State-sanctioned death exposes the West’s moral decay
Saving people from Covid is a moral act but killing those deemed to be better off dead isn’t?
Contemporary Australia is on display. A country shutting borders, in partial panic, engulfed in blame games, desperate for self-protection against Covid while marching, state by state, under the human rights banner into the legalisation of killing, addressed in the euphemism of euthanasia.
Two ideas consume us. Extreme steps are deemed essential to save lives from the virus, while we authorise the state to liquidate lives in the name of humanity. On the one hand we strive to protect life through the health system, and on the other hand we move to terminate life through the same health system.
Only a secular rationalisation decoupled from moral social principle could fail to be embarrassed by the juxtaposition. Yet we do not notice it.

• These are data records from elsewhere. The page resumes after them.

theorem proposition9:
  fixes \<psi> \<phi> e f :: "complex vec"
  assumes "unit_vec2 \<psi>" "unit_vec2 \<phi>" "unit_vec2 e" "unit_vec2 f"
  defines "\<tau> \<equiv> (1/2 :: complex) \<cdot>\<^sub>m
      (tensor_mat (transpose_mat (ket_bra \<psi> \<psi>)) (ket_bra e e)
       + tensor_mat (transpose_mat (ket_bra \<phi> \<phi>)) (ket_bra f f))"
  shows "singular_values (corr_mat \<tau>) =
    {# cmod (bra_ket \<psi> \<phi>) * cmod (bra_ket e f),
       sqrt ((1 - (cmod (bra_ket \<psi> \<phi>))\<^sup>2) * (1 - (cmod (bra_ket e f))\<^sup>2)),
       0 #}"
proof -
  have dims: "dim_vec \<psi> = 2" "dim_vec \<phi> = 2" "dim_vec e = 2" "dim_vec f = 2"
    using assms(1-4) by (simp_all add: unit_vec2_def)
  define a where "a = (1/2) \<cdot>\<^sub>v bloch_vec (conjugate \<psi>)"
  define c where "c = (1/2) \<cdot>\<^sub>v bloch_vec (conjugate \<phi>)"
  define P where "P = (cmod (bra_ket \<psi> \<phi>))\<^sup>2"
  define Q where "Q = (cmod (bra_ket e f))\<^sup>2"
  have carriers: "a \<in> carrier_vec 3" "c \<in> carrier_vec 3"
    by (simp_all add: a_def c_def)
  have inner: "a \<bullet> a = 1/4" "c \<bullet> c = 1/4" "a \<bullet> c = (2 * P - 1) / 4"
    "bloch_vec e \<bullet> bloch_vec e = 1" "bloch_vec f \<bullet> bloch_vec f = 1"
    "bloch_vec e \<bullet> bloch_vec f = 2 * Q - 1"
    using assms(1-4)
    by (simp_all add: a_def c_def P_def Q_def bloch_vec_norm_unit unit_vec2_conjugate
        bloch_vec_conjugate_inner_unit[OF assms(1,2)] bloch_vec_inner_unit[OF assms(3,4)])
  have corr: "corr_mat \<tau> = outer_prod a (bloch_vec e) + outer_prod c (bloch_vec f)"
    unfolding \<tau>_def a_def c_def by (rule corr_mat_equal_mixture[OF dims])
  have "char_poly (transpose_mat (corr_mat \<tau>) * corr_mat \<tau>)
      = [:0, (P * Q) * ((1 - P) * (1 - Q)), - (P * Q + (1 - P) * (1 - Q)), 1:]"
    unfolding corr char_poly_gram_rank_two[OF carriers bloch_vec_carrier bloch_vec_carrier] inner
    by (simp add: power2_eq_square field_simps)
  then have "proots (char_poly (transpose_mat (corr_mat \<tau>) * corr_mat \<tau>))
      = {#0, P * Q, (1 - P) * (1 - Q)#}"
    by (simp only: proots_cubic_zero_root)
  then show ?thesis
    by (simp add: singular_values_def P_def Q_def real_sqrt_mult add_mset_commute)
qed

end
(* Assume $m$ satisfies (H1) (for some $n\in\mathbb{N}^\star$), (H2a) and (Osg). Let $\omega_0\in L^1\cap L^\infty(\mathbb{R}^2)$ and let $(u,\omega)$ be the global weak solution of $\partial_t\omega+u\cdot\nabla\omega=0$, $u=\nabla^\perp(-\Delta)^{-1}m(\Lambda)\omega$, $\omega|_{t=0}=\omega_0$, with flow map $\Phi_{t,s}$. If $u\in L^1([0,+\infty);C^1_{\mathrm m}(\mathbb{R}^2))$, then for all $t,s\in\mathbb{R}_+$ and $x\ne y$, $$|\Phi_{t,s}(x)-\Phi_{t,s}(y)|^{-1}\ge\widetilde{\mathsf H}^{-1}\Big(\widetilde{\mathsf H}(|x-y|^{-1})-\Big|\int_s^t\|u(\tau)\|_{C^1_{\mathrm m}}\,\mathrm d\tau\Big|\Big),$$ and $$|\Phi_{t,s}(x)-\Phi_{t,s}(y)|\le|x-y|\exp\Big(\big(m(|x-y|^{-1})+1\big)\Big|\int_s^t\|u(\tau)\|_{C^1_{\mathrm m}}\,\mathrm d\tau\Big|\Big).$$
   Context: $\nabla^\perp=(\partial_{x_2},-\partial_{x_1})$, $\Lambda=(-\Delta)^{1/2}$, $m(\Lambda)$ the Fourier multiplier with radial symbol $m(|\xi|)$, $m:(0,\infty)\to\mathbb{R}$. (H1) with index $n$: $m\in C^{n+4}(\mathbb{R}_+)$; $m>0$, $m'\ge0$ on $(0,\infty)$; $\lim_{r\to0^+}rm'(r)$ exists; $|\frac{\mathrm d^k}{\mathrm dr^k}m'(r)|\le Cr^{-k}m'(r)$ for $k=1,\dots,n+3$, $r>0$. (H2a): with $\widetilde m(r)=m(e^r)$, there exist $\beta\in[0,+\infty]$, $\beta_1\in[0,\infty)$, $\beta_2\in(-2,\infty)$ with $\lim_{r\to\infty}m(r)=\infty$, $\lim\frac{r(\log r)\widetilde m'(r)}{\widetilde m(r)}=\beta$, $\lim\frac{r\widetilde m'(r)}{\widetilde m(r)}=\beta_1$, $\lim\frac{r\widetilde m''(r)}{\widetilde m'(r)}=\beta_2$ (as $r\to\infty$). (Osg): $\int_2^\infty\frac{\mathrm dr}{r(\log r)m(r)}=+\infty$. Flow map: $\frac{\mathrm d}{\mathrm dt}\Phi_{t,s}(x)=u(\Phi_{t,s}(x),t)$, $\Phi_{s,s}=\mathrm{id}$. $\|f\|_{C^1_{\mathrm m}}=\|f\|_{L^\infty(\mathbb{R}^2)}+\sup_{|x-y|>0}\frac{|f(x)-f(y)|}{|x-y|(m(|x-y|^{-1})+1)}$. $\widetilde{\mathsf H}(r)=\int_{1/r}^1\frac{\mathrm d\rho}{\rho(m(\rho^{-1})+1)}$ for $r>0$; it is increasing, and $\widetilde{\mathsf H}^{-1}:\mathbb{R}\to(0,\infty)$ denotes its inverse. *)

theory Defs
  imports "HOL-Analysis.Analysis"
begin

Our self-obsessions create their own closed narratives that blind us. We lack the human awareness and the moral compass to even grasp the absurdity of our condition. We no longer understand the contradictions in our actions and public life.
Neither the public nor the politicians – at least most of them – detect any link. The public’s attitude seems to be: “I have a right to be saved from the virus and I have a right to decide when I want to die.” Technology, the state and the health system are recruited to human convenience, whether the desire is for life or death.

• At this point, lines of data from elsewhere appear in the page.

lemma card_arcs_eq_twice_edges:
  assumes "simple_graph V E"
  shows "card (arcs V E) = 2 * card (graph_edges E)"
proof -
  let ?edge = "\<lambda>a. {fst a, snd a}"
  have edges: "graph_edges E = ?edge ` arcs V E"
    using assms unfolding graph_edges_def arcs_def simple_graph_def by force
  have "real (card (arcs V E)) = (\<Sum>a\<in>arcs V E. (\<lambda>_. 1) (?edge a))"
    by simp
  also have "\<dots> = (\<Sum>e\<in>?edge ` arcs V E. real (card {r\<in>arcs V E. ?edge r = e}) * 1)"
    using finite_arcs[OF assms] by (rule sum_by_fibres)
  also have "\<dots> = (\<Sum>e\<in>?edge ` arcs V E. 2)"
  proof (rule sum.cong[OF refl])
    fix e assume "e \<in> ?edge ` arcs V E"
    then obtain u v where uv: "(u, v) \<in> arcs V E" "e = {u, v}" by auto
    then have "u \<noteq> v" "(v, u) \<in> arcs V E"
      using assms by (auto simp: arcs_def simple_graph_def)
    moreover have "{r\<in>arcs V E. ?edge r = e} = {(u, v), (v, u)}"
      using uv \<open>(v, u) \<in> arcs V E\<close> by (auto simp: doubleton_eq_iff)
    ultimately show "real (card {r\<in>arcs V E. ?edge r = e}) * 1 = 2" by simp
  qed
  finally show ?thesis using edges by simp
qed

lemma fst_arcs_eq_vertices:
  assumes connected: "connected_graph V E" and "arcs V E \<noteq> {}"
  shows "fst ` arcs V E = V"
proof
  show "fst ` arcs V E \<subseteq> V" by (auto simp: arcs_def)
next
  show "V \<subseteq> fst ` arcs V E"
  proof
    fix u assume "u \<in> V"
    obtain x y where xy: "(x, y) \<in> arcs V E" using assms(2) by auto
    then have "E\<^sup>*\<^sup>* u x"
      using \<open>u \<in> V\<close> connected by (auto simp: connected_graph_def arcs_def)
    then show "u \<in> fst ` arcs V E"
    proof (cases rule: converse_rtranclpE)
      case base
      then show ?thesis using xy by force
    next
      case (step w)
      then have "(u, w) \<in> arcs V E"
        using connected by (auto simp: arcs_def connected_graph_def simple_graph_def)
      then show ?thesis by force
    qed
  qed
qed

locale circular_embedding =
  fixes V :: "'v set" and E :: "'v \<Rightarrow> 'v \<Rightarrow> bool" and \<rho> :: "'v \<times> 'v \<Rightarrow> 'v \<times> 'v"
  assumes simple: "simple_graph V E"
    and rotation: "rotation_system V E \<rho>"
    and circular: "circular V E \<rho>"
begin

definition face_step :: "'v \<times> 'v \<Rightarrow> 'v \<times> 'v"
  where "face_step = perm_restrict (face_perm \<rho>) (arcs V E)"

lemma face_step_apply: "a \<in> arcs V E \<Longrightarrow> face_step a = face_perm \<rho> a"
  by (simp add: face_step_def perm_restrict_simps)
lemma exists_repeated_window:
  fixes f :: "int \<Rightarrow> bool"
  assumes support: "\<And>N. f N \<Longrightarrow> \<bar>N\<bar> \<le> int H * d + int \<tau>"
    and big: "2 ^ ((2 * H + 2) * \<tau>) + int \<tau> < d"
  obtains r L where "0 < r" "0 < L" "r + L + int \<tau> \<le> d"
    and "\<And>q j. 0 \<le> j \<Longrightarrow> j < int \<tau> \<Longrightarrow> f (q * d + r + j) = f (q * d + r + L + j)"
proof -
  have "(0::int) < 2 ^ ((2 * H + 2) * \<tau>)" by simp
  with big have "0 < d" "int \<tau> < d" by linarith+
  define B where "B = {- int H - 1..int H} \<times> {0..<int \<tau>}"
  define window where "window r = {(q, j) \<in> B. f (q * d + r + j)}" for r
  define R where "R = {1..d - int \<tau>}"
  have "finite B" by (simp add: B_def)
  have "card (window ` R) \<le> card (Pow B)"
    using \<open>finite B\<close> by (intro card_mono) (auto simp: window_def)
  also have "\<dots> = 2 ^ ((2 * H + 2) * \<tau>)"
    using \<open>finite B\<close> by (simp add: card_Pow B_def card_cartesian_product nat_add_distrib nat_mult_distrib)
  also have "\<dots> < card R"
    using big by (simp add: R_def)
  finally have "\<not> inj_on window R"
    by (rule pigeonhole)
  then obtain r1 r2 where r12: "r1 \<in> R" "r2 \<in> R" "r1 < r2" "window r1 = window r2"
    using linorder_inj_onI' by metis
  have outside: "\<not> f (q * d + x)" if "q < - int H - 1 \<or> int H < q" "0 < x" "x < d" for q x
  proof
    assume "f (q * d + x)"
    then have bound: "\<bar>q * d + x\<bar> \<le> int H * d + int \<tau>" by (rule support)
    show False
    proof (cases "int H < q")
      case True
      then have "(int H + 1) * d \<le> q * d" using \<open>0 < d\<close> by (intro mult_right_mono) auto
      with bound that \<open>int \<tau> < d\<close> show False by (simp add: algebra_simps abs_le_iff)
    next
      case False
      then have "q * d \<le> (- int H - 2) * d" using that \<open>0 < d\<close> by (intro mult_right_mono) auto
      with bound that \<open>int \<tau> < d\<close> show False by (simp add: algebra_simps abs_le_iff)
    qed
  qed
  show ?thesis
  proof
    show "0 < r1" "0 < r2 - r1" "r1 + (r2 - r1) + int \<tau> \<le> d"
      using r12 by (auto simp: R_def)
    fix q j :: int
    assume j: "0 \<le> j" "j < int \<tau>"
    show "f (q * d + r1 + j) = f (q * d + r1 + (r2 - r1) + j)"
    proof (cases "(q, j) \<in> B")
      case True
      then show ?thesis using r12(4) by (auto simp: window_def set_eq_iff)
    next
      case False
      then have "q < - int H - 1 \<or> int H < q" using j by (auto simp: B_def)
      with r12 j show ?thesis
        using outside[of q "r1 + j"] outside[of q "r2 + j"] by (auto simp: R_def add.assoc)
    qed
  qed
qed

What does it matter? Our culture no longer recognises any moral difference. It believes saving people from the virus is a moral act but killing people deemed to be better off dead is also a moral act.

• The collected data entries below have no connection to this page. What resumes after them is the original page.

lemma exp_ln_central_binomial_of_real:
  assumes "y > -1/2"
  shows "exp (ln_central_binomial (of_real y)) = of_real (Gamma (2 * y + 1) / Gamma (y + 1) ^ 2)"
proof -
  have pos: "2 * y + 1 > 0" "y + 1 > 0" using assms by auto
  have "ln_central_binomial (of_real y) = of_real (ln_Gamma (2 * y + 1) - 2 * ln_Gamma (y + 1))"
    unfolding ln_central_binomial_def
    using ln_Gamma_complex_of_real[OF pos(1)] ln_Gamma_complex_of_real[OF pos(2)] by simp
  then have "exp (ln_central_binomial (of_real y)) = of_real (exp (ln_Gamma (2 * y + 1) - 2 * ln_Gamma (y + 1)))"
    by (simp only: exp_of_real)
  also have "exp (ln_Gamma (2 * y + 1) - 2 * ln_Gamma (y + 1)) = Gamma (2 * y + 1) / Gamma (y + 1) ^ 2"
    unfolding Gamma_real_pos_exp[OF pos(1)] Gamma_real_pos_exp[OF pos(2)] by (simp only: exp_diff exp_double)
  finally show ?thesis .
qed

lemma higher_deriv_exp_ln_central_binomial:
  "(deriv ^^ n) (\<lambda>z. exp (ln_central_binomial z)) 0 = of_real ((-1) ^ n * complete_bell n eta_bar)"
proof -
  have "(deriv ^^ n) (\<lambda>z. exp (ln_central_binomial z)) 0 =
      exp (ln_central_binomial 0) * of_real (complete_bell n (\<lambda>j. (-1) ^ j * eta_bar j))"
    by (rule higher_deriv_exp_compose_complete_bell[OF holomorphic_ln_central_binomial
          open_halfspace_Re_gt _ higher_deriv_ln_central_binomial]) simp_all
  moreover have "exp (ln_central_binomial 0) = 1"
    using exp_ln_central_binomial_of_real[of 0] by simp
  ultimately show ?thesis by (simp add: complete_bell_scale)
qed

lemma higher_deriv_central_binomial:
  "(deriv ^^ p) (\<lambda>m::real. Gamma (2 * m + 1) / Gamma (m + 1) ^ 2) 0 = (-1) ^ p * complete_bell p eta_bar"
proof -
  have "(deriv ^^ p) (\<lambda>z. exp (ln_central_binomial z)) (of_real 0) =
      of_real ((deriv ^^ p) (\<lambda>m::real. Gamma (2 * m + 1) / Gamma (m + 1) ^ 2) 0)"
    by (rule higher_deriv_complex_of_real[OF holomorphic_on_exp'[OF holomorphic_ln_central_binomial]
          open_halfspace_Re_gt open_greaterThan _ exp_ln_central_binomial_of_real]) auto
  from this[unfolded of_real_0 higher_deriv_exp_ln_central_binomial of_real_eq_iff] show ?thesis
    by (rule sym)
qed

lemma higher_deriv_central_binomial_div_4_powr:
  "(deriv ^^ p) (\<lambda>m::real. Gamma (2 * m + 1) / Gamma (m + 1) ^ 2 / 4 powr m) 0 =
    (-1) ^ p * (\<Sum>i\<le>p. real (p choose i) * ln 4 ^ (p - i) * complete_bell i eta_bar)"
proof -
  let ?S = "{z::complex. Re z > -1/2}"
  define c :: complex where "c = - of_real (ln 4)"
  have E: "(\<lambda>z. exp (ln_central_binomial z)) holomorphic_on ?S"
    by (rule holomorphic_on_exp'[OF holomorphic_ln_central_binomial])
  have L: "(\<lambda>z. exp (c * z)) holomorphic_on ?S"
    by (intro holomorphic_intros)
  have eq: "exp (ln_central_binomial (of_real y)) * exp (c * of_real y) =
      of_real (Gamma (2 * y + 1) / Gamma (y + 1) ^ 2 / 4 powr y)" if "y \<in> {-1/2<..}" for y
    using that by (simp add: exp_ln_central_binomial_of_real c_def powr_def exp_minus field_simps
        flip: exp_of_real)
  have "of_real ((deriv ^^ p) (\<lambda>m::real. Gamma (2 * m + 1) / Gamma (m + 1) ^ 2 / 4 powr m) 0) =
      (deriv ^^ p) (\<lambda>z. exp (ln_central_binomial z) * exp (c * z)) 0"
    by (rule sym, rule higher_deriv_complex_of_real[OF holomorphic_on_mult[OF E L] open_halfspace_Re_gt
          open_greaterThan _ eq, where x=0, unfolded of_real_0]) auto
  also have "\<dots> = (\<Sum>i=0..p. of_nat (p choose i) * (deriv ^^ i) (\<lambda>z. exp (ln_central_binomial z)) 0 *
        (deriv ^^ (p - i)) (\<lambda>z. exp (c * z)) 0)"
    by (rule higher_deriv_mult[OF E L open_halfspace_Re_gt]) simp
  also have "\<dots> = (\<Sum>i\<le>p. of_real ((-1) ^ p * (real (p choose i) * ln 4 ^ (p - i) * complete_bell i eta_bar)))"
    unfolding atLeast0AtMost
  proof (intro sum.cong refl)
    fix i assume "i \<in> {..p}"
    then have "(-1::real) ^ i * (-1) ^ (p - i) = (-1) ^ p"
      by (simp flip: power_add)
    moreover have "c ^ (p - i) = of_real ((-1) ^ (p - i) * ln 4 ^ (p - i))"
      by (simp add: c_def power_minus')
    ultimately show "of_nat (p choose i) * (deriv ^^ i) (\<lambda>z. exp (ln_central_binomial z)) 0 *
        (deriv ^^ (p - i)) (\<lambda>z. exp (c * z)) 0 =
        of_real ((-1) ^ p * (real (p choose i) * ln 4 ^ (p - i) * complete_bell i eta_bar))"
      unfolding higher_deriv_exp_ln_central_binomial higher_deriv_exp_linear mult_zero_right exp_zero
        mult_1_right
      by (simp only: of_real_mult of_real_of_nat_eq flip: \<open>(-1) ^ i * (-1) ^ (p - i) = (-1) ^ p\<close>)
        (simp add: algebra_simps)
  qed
  finally show ?thesis
    by (simp only: of_real_eq_iff flip: of_real_sum sum_distrib_left)
qed

theorem mainTheorem6:
  fixes p :: nat
  defines "eta \<equiv> (\<lambda>j::nat. (-1) ^ j * (2 ^ j - 2) * Polygamma (j - 1) (1::real))"
  defines "s \<equiv> (\<lambda>j::nat. if j = 1 then 0 else eta j)"
  shows "((deriv ^^ p) (\<lambda>m::real. Gamma (2 * m + 1) / Gamma (m + 1) ^ 2) 0
           = (-1) ^ p * complete_bell p s)
      \<and> ((deriv ^^ p) (\<lambda>m::real. Gamma (2 * m + 1) / Gamma (m + 1) ^ 2 / 4 powr m) 0
           = (-1) ^ p * (\<Sum>i\<le>p. real (p choose i) * ln 4 ^ (p - i) * complete_bell i s))"
proof -
  have "s = eta_bar"
    unfolding s_def eta_def eta_bar_def by auto
  then show ?thesis
    using higher_deriv_central_binomial higher_deriv_central_binomial_div_4_powr by simp
qed

end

This is a secular rationalism where human desire determines the moral order – the affliction at the heart of Western decline.
Australia stands at a dual crossroads. It wages a justified, tenacious and moral struggle to contain Covid while it moves with a mix of powerful activism and bizarre indifference to legalise euthanasia. Victoria and Western Australia have signed up, Queensland, South Australia and Tasmania have the issue under active assessment. Pressure is building in the big domino of NSW.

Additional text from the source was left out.